## TASK STATEMENT:
Please write out all of the entries exactly as they appear.

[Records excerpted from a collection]
= Beginning of Section =

lemma centrosymmetric_mirror_ext:
  assumes s: "inv321 n s"
  shows "centrosymmetric (2 * n + 1) (mirror_ext n s)"
  unfolding centrosymmetric_def
proof
  fix i
  assume "i \<in> {1..2 * n + 1}"
  then consider "1 \<le> i" "i \<le> n" | "i = n + 1" | "n + 2 \<le> i" "i \<le> 2 * n + 1"
    by fastforce
  then show "mirror_ext n s i + mirror_ext n s (2 * n + 1 + 1 - i) = 2 * n + 1 + 1"
  proof cases
    case 1
    then show ?thesis
      using inv321_range[OF s, of i] mirror_ext_high[of i n s] by (simp add: mirror_ext_low)
  next
    case 2
    then show ?thesis by simp
  next
    case 3
    then obtain i' where i': "1 \<le> i'" "i' \<le> n" "i = 2 * n + 2 - i'"
      using high_half_cases by blast
    then show ?thesis
      using inv321_range[OF s, of i'] mirror_ext_high[of i' n s] by (simp add: mirror_ext_low)
  qed
qed

lemma mirror_ext_ICinv321:
  assumes s: "inv321 n s"
  shows "mirror_ext n s \<in> ICinv321 (2 * n + 1)"
  unfolding ICinv321_iff
proof
  show "inv321 (2 * n + 1) (mirror_ext n s)"
  proof (rule inv321I)
    show "mirror_ext n s i = i" if "\<not> (1 \<le> i \<and> i \<le> 2 * n + 1)" for i
      using that by (auto simp: mirror_ext_def)
    show "1 \<le> mirror_ext n s i \<and> mirror_ext n s i \<le> 2 * n + 1 \<and> mirror_ext n s (mirror_ext n s i) = i"
      if "1 \<le> i" "i \<le> 2 * n + 1" for i
      using mirror_ext_involutive[OF s that] by blast
    show "mirror_ext n s i \<le> mirror_ext n s j"
      if "1 \<le> i" "i < j" "j \<le> 2 * n + 1" "j \<le> mirror_ext n s j" for i j
      using mirror_ext_lr_max[OF s that] .
  qed
qed (rule centrosymmetric_mirror_ext[OF s])
definition digraph :: "'a set \<Rightarrow> ('a \<times> 'a) set \<Rightarrow> bool" where
  "digraph V E \<longleftrightarrow> finite V \<and> E \<subseteq> V \<times> V \<and> (\<forall>v. (v, v) \<notin> E)"

definition induced_acyclic :: "('a \<times> 'a) set \<Rightarrow> 'a set \<Rightarrow> bool" where
  "induced_acyclic E S \<longleftrightarrow> acyclic (Restr E S)"

definition max_induced_acyclic :: "'a set \<Rightarrow> ('a \<times> 'a) set \<Rightarrow> 'a set \<Rightarrow> bool" where
  "max_induced_acyclic V E T \<longleftrightarrow> T \<subseteq> V \<and> induced_acyclic E T \<and>
     (\<forall>S. S \<subseteq> V \<and> induced_acyclic E S \<longrightarrow> card S \<le> card T)"

definition dipath :: "'a set \<Rightarrow> ('a \<times> 'a) set \<Rightarrow> 'a list \<Rightarrow> bool" where
  "dipath V E p \<longleftrightarrow> p \<noteq> [] \<and> distinct p \<and> set p \<subseteq> V \<and>
     (\<forall>i. Suc i < length p \<longrightarrow> (p ! i, p ! Suc i) \<in> E)"

definition path_partition :: "'a set \<Rightarrow> ('a \<times> 'a) set \<Rightarrow> 'a list set \<Rightarrow> bool" where
  "path_partition V E P \<longleftrightarrow> (\<forall>p\<in>P. dipath V E p) \<and>
     (\<forall>p\<in>P. \<forall>q\<in>P. p \<noteq> q \<longrightarrow> set p \<inter> set q = {}) \<and>
     (\<Union>p\<in>P. set p) = V"

definition orthogonal :: "'a list set \<Rightarrow> 'a set \<Rightarrow> bool" where
  "orthogonal P T \<longleftrightarrow> (\<forall>p\<in>P. card (set p \<inter> T) = 1)"

end

theory Submission
  imports Defs
begin

text \<open>
  A set of more than \<open>card T\<close> vertices is not acyclic, and a cycle cannot lie inside \<open>T\<close>,
  so it contains an arc leaving a vertex outside \<open>T\<close>. Apply this to the first vertices of
  a path partition in which every path meets \<open>T\<close> at most once, as in the Gallai--Milgram
  theorem: as long as there are more than \<open>card T\<close> paths, some first vertex \<open>x \<notin> T\<close>
  has an arc to another first vertex, and removing \<open>x\<close>, merging recursively and putting
  \<open>x\<close> back in front of a path yields one path fewer. As \<open>x \<notin> T\<close>, every path still
  meets \<open>T\<close> at most once. Starting from the partition into single vertices we end with at
  most \<open>card T\<close> paths; they cover \<open>T\<close>, so each of them meets \<open>T\<close> exactly once.
\<close>

lemma card_insert_Diff_singleton:
  "finite A \<Longrightarrow> a \<in> A \<Longrightarrow> b \<notin> A - {a} \<Longrightarrow> card (insert b (A - {a})) = card A"
  by (metis card_Suc_Diff1 card_insert_disjoint finite_Diff)

lemma subset_misses_at_most_one:
  assumes "finite B" "A \<subseteq> B" "card B \<le> Suc (card A)" "a \<in> B" "b \<in> B" "a \<noteq> b"
  shows "a \<in> A \<or> b \<in> A"
proof (rule ccontr)
  assume "\<not> ?thesis"
  with assms(2) have "A \<subseteq> B - {a, b}"
    by blast
  then have "card A \<le> card (B - {a, b})"
    using assms(1) by (intro card_mono) auto
  also have "\<dots> = card B - 2"
    using assms(1,4-6) by (simp add: card_Diff_subset)
  finally have "card A \<le> card B - 2" .
  moreover have "2 \<le> card B"
    using card_mono[OF assms(1), of "{a, b}"] assms(4-6) by simp
  ultimately show False
    using assms(3) by linarith
qed

lemma inj_on_image_hits_one_of_two:
  assumes "inj_on f Q" and "finite B" and "f ` Q \<subseteq> B" and "card B \<le> Suc (card Q)"
    and "u \<in> B" and "v \<in> B" and "u \<noteq> v"
  obtains q where "q \<in> Q" and "f q \<in> {u, v}" and "u \<notin> f ` (Q - {q})"
proof (cases "u \<in> f ` Q")
  case True
  then obtain q where "q \<in> Q" "f q = u"
    by (metis imageE)
  moreover from this have "u \<notin> f ` (Q - {q})"
    using assms(1) by (auto simp: inj_on_def)
  ultimately show ?thesis
    using that by blast
next
  case False
  have "v \<in> f ` Q"
    using subset_misses_at_most_one[OF assms(2,3) _ assms(5-7)] card_image[OF assms(1)] assms(4)
      False by simp
  then obtain q where "q \<in> Q" "f q = v"
    by (metis imageE)
  then show ?thesis
    using that False by blast
qed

= End of Section =

## TASK OUTPUT:
lemma centrosymmetric_mirror_ext:
  assumes s: "inv321 n s"
  shows "centrosymmetric (2 * n + 1) (mirror_ext n s)"
  unfolding centrosymmetric_def
proof
  fix i
  assume "i \<in> {1..2 * n + 1}"
  then consider "1 \<le> i" "i \<le> n" | "i = n + 1" | "n + 2 \<le> i" "i \<le> 2 * n + 1"
    by fastforce
  then show "mirror_ext n s i + mirror_ext n s (2 * n + 1 + 1 - i) = 2 * n + 1 + 1"
  proof cases
    case 1
    then show ?thesis
      using inv321_range[OF s, of i] mirror_ext_high[of i n s] by (simp add: mirror_ext_low)
  next
    case 2
    then show ?thesis by simp
  next
    case 3
    then obtain i' where i': "1 \<le> i'" "i' \<le> n" "i = 2 * n + 2 - i'"
      using high_half_cases by blast
    then show ?thesis
      using inv321_range[OF s, of i'] mirror_ext_high[of i' n s] by (simp add: mirror_ext_low)
  qed
qed

lemma mirror_ext_ICinv321:
  assumes s: "inv321 n s"
  shows "mirror_ext n s \<in> ICinv321 (2 * n + 1)"
  unfolding ICinv321_iff
proof
  show "inv321 (2 * n + 1) (mirror_ext n s)"
  proof (rule inv321I)
    show "mirror_ext n s i = i" if "\<not> (1 \<le> i \<and> i \<le> 2 * n + 1)" for i
      using that by (auto simp: mirror_ext_def)
    show "1 \<le> mirror_ext n s i \<and> mirror_ext n s i \<le> 2 * n + 1 \<and> mirror_ext n s (mirror_ext n s i) = i"
      if "1 \<le> i" "i \<le> 2 * n + 1" for i
      using mirror_ext_involutive[OF s that] by blast
    show "mirror_ext n s i \<le> mirror_ext n s j"
      if "1 \<le> i" "i < j" "j \<le> 2 * n + 1" "j \<le> mirror_ext n s j" for i j
      using mirror_ext_lr_max[OF s that] .
  qed
qed (rule centrosymmetric_mirror_ext[OF s])
definition digraph :: "'a set \<Rightarrow> ('a \<times> 'a) set \<Rightarrow> bool" where
  "digraph V E \<longleftrightarrow> finite V \<and> E \<subseteq> V \<times> V \<and> (\<forall>v. (v, v) \<notin> E)"

definition induced_acyclic :: "('a \<times> 'a) set \<Rightarrow> 'a set \<Rightarrow> bool" where
  "induced_acyclic E S \<longleftrightarrow> acyclic (Restr E S)"

definition max_induced_acyclic :: "'a set \<Rightarrow> ('a \<times> 'a) set \<Rightarrow> 'a set \<Rightarrow> bool" where
  "max_induced_acyclic V E T \<longleftrightarrow> T \<subseteq> V \<and> induced_acyclic E T \<and>
     (\<forall>S. S \<subseteq> V \<and> induced_acyclic E S \<longrightarrow> card S \<le> card T)"

definition dipath :: "'a set \<Rightarrow> ('a \<times> 'a) set \<Rightarrow> 'a list \<Rightarrow> bool" where
  "dipath V E p \<longleftrightarrow> p \<noteq> [] \<and> distinct p \<and> set p \<subseteq> V \<and>
     (\<forall>i. Suc i < length p \<longrightarrow> (p ! i, p ! Suc i) \<in> E)"

definition path_partition :: "'a set \<Rightarrow> ('a \<times> 'a) set \<Rightarrow> 'a list set \<Rightarrow> bool" where
  "path_partition V E P \<longleftrightarrow> (\<forall>p\<in>P. dipath V E p) \<and>
     (\<forall>p\<in>P. \<forall>q\<in>P. p \<noteq> q \<longrightarrow> set p \<inter> set q = {}) \<and>
     (\<Union>p\<in>P. set p) = V"

definition orthogonal :: "'a list set \<Rightarrow> 'a set \<Rightarrow> bool" where
  "orthogonal P T \<longleftrightarrow> (\<forall>p\<in>P. card (set p \<inter> T) = 1)"

end

theory Submission
  imports Defs
begin

text \<open>
  A set of more than \<open>card T\<close> vertices is not acyclic, and a cycle cannot lie inside \<open>T\<close>,
  so it contains an arc leaving a vertex outside \<open>T\<close>. Apply this to the first vertices of
  a path partition in which every path meets \<open>T\<close> at most once, as in the Gallai--Milgram
  theorem: as long as there are more than \<open>card T\<close> paths, some first vertex \<open>x \<notin> T\<close>
  has an arc to another first vertex, and removing \<open>x\<close>, merging recursively and putting
  \<open>x\<close> back in front of a path yields one path fewer. As \<open>x \<notin> T\<close>, every path still
  meets \<open>T\<close> at most once. Starting from the partition into single vertices we end with at
  most \<open>card T\<close> paths; they cover \<open>T\<close>, so each of them meets \<open>T\<close> exactly once.
\<close>

lemma card_insert_Diff_singleton:
  "finite A \<Longrightarrow> a \<in> A \<Longrightarrow> b \<notin> A - {a} \<Longrightarrow> card (insert b (A - {a})) = card A"
  by (metis card_Suc_Diff1 card_insert_disjoint finite_Diff)

lemma subset_misses_at_most_one:
  assumes "finite B" "A \<subseteq> B" "card B \<le> Suc (card A)" "a \<in> B" "b \<in> B" "a \<noteq> b"
  shows "a \<in> A \<or> b \<in> A"
proof (rule ccontr)
  assume "\<not> ?thesis"
  with assms(2) have "A \<subseteq> B - {a, b}"
    by blast
  then have "card A \<le> card (B - {a, b})"
    using assms(1) by (intro card_mono) auto
  also have "\<dots> = card B - 2"
    using assms(1,4-6) by (simp add: card_Diff_subset)
  finally have "card A \<le> card B - 2" .
  moreover have "2 \<le> card B"
    using card_mono[OF assms(1), of "{a, b}"] assms(4-6) by simp
  ultimately show False
    using assms(3) by linarith
qed

lemma inj_on_image_hits_one_of_two:
  assumes "inj_on f Q" and "finite B" and "f ` Q \<subseteq> B" and "card B \<le> Suc (card Q)"
    and "u \<in> B" and "v \<in> B" and "u \<noteq> v"
  obtains q where "q \<in> Q" and "f q \<in> {u, v}" and "u \<notin> f ` (Q - {q})"
proof (cases "u \<in> f ` Q")
  case True
  then obtain q where "q \<in> Q" "f q = u"
    by (metis imageE)
  moreover from this have "u \<notin> f ` (Q - {q})"
    using assms(1) by (auto simp: inj_on_def)
  ultimately show ?thesis
    using that by blast
next
  case False
  have "v \<in> f ` Q"
    using subset_misses_at_most_one[OF assms(2,3) _ assms(5-7)] card_image[OF assms(1)] assms(4)
      False by simp
  then obtain q where "q \<in> Q" "f q = v"
    by (metis imageE)
  then show ?thesis
    using that False by blast
qed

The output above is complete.